In vitro cytotoxicity of the Fe₃O₄/PCL NPs (of 2:4 Fe₃O₄:PCL weight ratio) in: (a) CCD-18 human colon fibroblast cells, and (b) MCF-7 human breast cancer cells. Cell lines were kept in contact with the particles for 48 h (black column) and 72 h (light grey column).

Figure 8

In vitro cytotoxicity of free Gem (black column) and Gem-loaded magnetic nanocomposites (of 2:4 Fe₃O₄:PCL weight ratio) (light grey column) in MCF-7 human breast cancer cells, after 72 h of exposure to a wide range of NP concentrations (up to 25 μM equivalent Gem concentration). Statistical analysis was done using Student’s t-test considering 95% confidence interval.

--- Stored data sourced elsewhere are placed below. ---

(* Let $\mathcal C$ be a class of finite simple graphs and let $f:\mathbb{N}\to\mathbb{N}$ be an unbounded non-decreasing function with $f(x)\le x$ for all $x$. If $\sup_{G\in\mathcal C} N_f(G,r)<\infty$ for every $r\in\mathbb{N}$, then $\mathcal C$ has bounded expansion.
   Context: For a finite simple graph $G$, a function $f:\mathbb{N}\to\mathbb{N}$ and a positive integer $p$, $N_f(G,p)$ denotes the minimum number of colours in a colouring of the edges of $G$ such that every cycle $\gamma$ of $G$ receives at least $\min(f(|\gamma|),p+1)$ distinct colours, where $|\gamma|$ is the length of $\gamma$. A simple graph $H$ is a shallow minor of $G$ at depth $r$ if there are pairwise vertex-disjoint subtrees $T_1,\dots,T_k$ of $G$, each having a root from which every vertex of the tree is at distance at most $r$ in the tree, such that $H$ is isomorphic to a subgraph of the graph with vertex set $\{T_1,\dots,T_k\}$ in which $T_i,T_j$ are adjacent iff some edge of $G$ joins a vertex of $T_i$ to a vertex of $T_j$. $\nabla_r(G)$ is the maximum of $\|H\|/|H|$ over all shallow minors $H$ of $G$ at depth $r$. A class $\mathcal C$ has bounded expansion if $\sup_{G\in\mathcal C}\nabla_r(G)<\infty$ for every integer $r\ge 0$. *)

theory Defs
  imports Complex_Main
begin

type_synonym 'a graph = "'a set \<times> 'a set set"

definition simple_graph :: "'a graph \<Rightarrow> bool" where
  "simple_graph G \<longleftrightarrow> finite (fst G) \<and>
     (\<forall>e\<in>snd G. \<exists>u v. u \<noteq> v \<and> u \<in> fst G \<and> v \<in> fst G \<and> e = {u, v})"

definition cycle_edges :: "'a list \<Rightarrow> 'a set set" where
  "cycle_edges vs = (\<lambda>i. {vs ! i, vs ! ((i + 1) mod length vs)}) ` {..<length vs}"

definition is_cycle :: "'a graph \<Rightarrow> 'a list \<Rightarrow> bool" where
  "is_cycle G vs \<longleftrightarrow> length vs \<ge> 3 \<and> distinct vs \<and> set vs \<subseteq> fst G \<and>
     cycle_edges vs \<subseteq> snd G"

definition N_f :: "(nat \<Rightarrow> nat) \<Rightarrow> 'a graph \<Rightarrow> nat \<Rightarrow> nat" where
  "N_f f G p = (LEAST k. \<exists>c :: 'a set \<Rightarrow> nat. c ` snd G \<subseteq> {..<k} \<and>
      (\<forall>vs. is_cycle G vs \<longrightarrow> card (c ` cycle_edges vs) \<ge> min (f (length vs)) (p + 1)))"

definition is_walk :: "'a graph \<Rightarrow> 'a list \<Rightarrow> bool" where
  "is_walk G xs \<longleftrightarrow> xs \<noteq> [] \<and> set xs \<subseteq> fst G \<and>
     (\<forall>i. Suc i < length xs \<longrightarrow> {xs ! i, xs ! Suc i} \<in> snd G)"

definition dist_le :: "'a graph \<Rightarrow> 'a \<Rightarrow> 'a \<Rightarrow> nat \<Rightarrow> bool" where
  "dist_le G u v r \<longleftrightarrow> (\<exists>xs. is_walk G xs \<and> hd xs = u \<and> last xs = v \<and> length xs \<le> r + 1)"

definition connected_graph :: "'a graph \<Rightarrow> bool" where
  "connected_graph G \<longleftrightarrow> (\<forall>u\<in>fst G. \<forall>v\<in>fst G. \<exists>r. dist_le G u v r)"

definition is_tree :: "'a graph \<Rightarrow> bool" where
  "is_tree G \<longleftrightarrow> simple_graph G \<and> fst G \<noteq> {} \<and> connected_graph G \<and> (\<nexists>vs. is_cycle G vs)"

definition rooted_subtree :: "'a graph \<Rightarrow> nat \<Rightarrow> 'a graph \<Rightarrow> bool" where
  "rooted_subtree G r T \<longleftrightarrow> fst T \<subseteq> fst G \<and> snd T \<subseteq> snd G \<and> is_tree T \<and>
     (\<exists>root\<in>fst T. \<forall>v\<in>fst T. dist_le T root v r)"

definition trees_adjacent :: "'a graph \<Rightarrow> 'a graph \<Rightarrow> 'a graph \<Rightarrow> bool" where
  "trees_adjacent G T1 T2 \<longleftrightarrow> (\<exists>x\<in>fst T1. \<exists>y\<in>fst T2. {x, y} \<in> snd G)"

definition shallow_minor_model ::
  "'a graph \<Rightarrow> nat \<Rightarrow> 'a graph set \<Rightarrow> 'a graph graph \<Rightarrow> bool" where
  "shallow_minor_model G r Ts H \<longleftrightarrow>
     (\<forall>T\<in>Ts. rooted_subtree G r T) \<and>
     (\<forall>T1\<in>Ts. \<forall>T2\<in>Ts. T1 \<noteq> T2 \<longrightarrow> fst T1 \<inter> fst T2 = {}) \<and>
     fst H \<subseteq> Ts \<and>
     snd H \<subseteq> {{T1, T2} | T1 T2. T1 \<in> fst H \<and> T2 \<in> fst H \<and> T1 \<noteq> T2 \<and> trees_adjacent G T1 T2}"

text \<open>nabla_r(G): maximum of ||H||/|H| over shallow minors H at depth r
(isomorphism-invariant, so it suffices to range over the concrete models).\<close>

definition nabla :: "nat \<Rightarrow> 'a graph \<Rightarrow> real" where
  "nabla r G = Sup {real (card (snd H)) / real (card (fst H)) | H. \<exists>Ts. shallow_minor_model G r Ts H}"

definition bounded_expansion :: "'a graph set \<Rightarrow> bool" where
  "bounded_expansion C \<longleftrightarrow> (\<forall>r. \<exists>M::real. \<forall>G\<in>C. nabla r G \<le> M)"

end

theory Submission
  imports Defs
begin

text \<open>
  Fix a depth r, let M bound N_f(G, 2r+1) over the class and choose L with f(L) \<ge> 2r+2.
  Colour G optimally; since f is monotone, every cycle of G of length at least L then
  sees at least 2r+2 colours.  Let H be a shallow minor of G at depth r.  Every edge AB
  of H is realised by an edge xy of G with x \<in> A, y \<in> B; its trace is the set of colours
  on xy and on the root-to-x and root-to-y walks of length at most r in the trees A and B,
  a set of at most 2r+1 of the M colours.  If the edges of H with a common trace S were
  more than L |H| many, they would contain a cycle of length at least L+2; following
  the realising edges and the root walks inside the trees turns it into a cycle of G of
  length at least L using only colours from S, which is impossible.  Hence
  ||H|| \<le> 2^M L |H|, and nabla_r is bounded by 2^M L on the whole class.
\<close>

fun path_edges :: "'a list \<Rightarrow> 'a set set" where
  "path_edges (x # y # zs) = insert {x, y} (path_edges (y # zs))"
| "path_edges _ = {}"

The statistical test was significant, ** p < 0.05, compared with the free Gem-treated group.

Figure 9

(a) Hysteresis cycle of the Fe₃O₄/PCL NPs (of 2:4 Fe₃O₄:PCL weight ratio, ▲); (b) visual observation of an aqueous dispersion (0.5%, w/v) of these particles on a 400 mT permanent magnet (located close to the right lateral flat surface of the glass vial), and (c) optical microphotographs of the aqueous colloids under the influence of this magnetic field (in the direction of the arrow).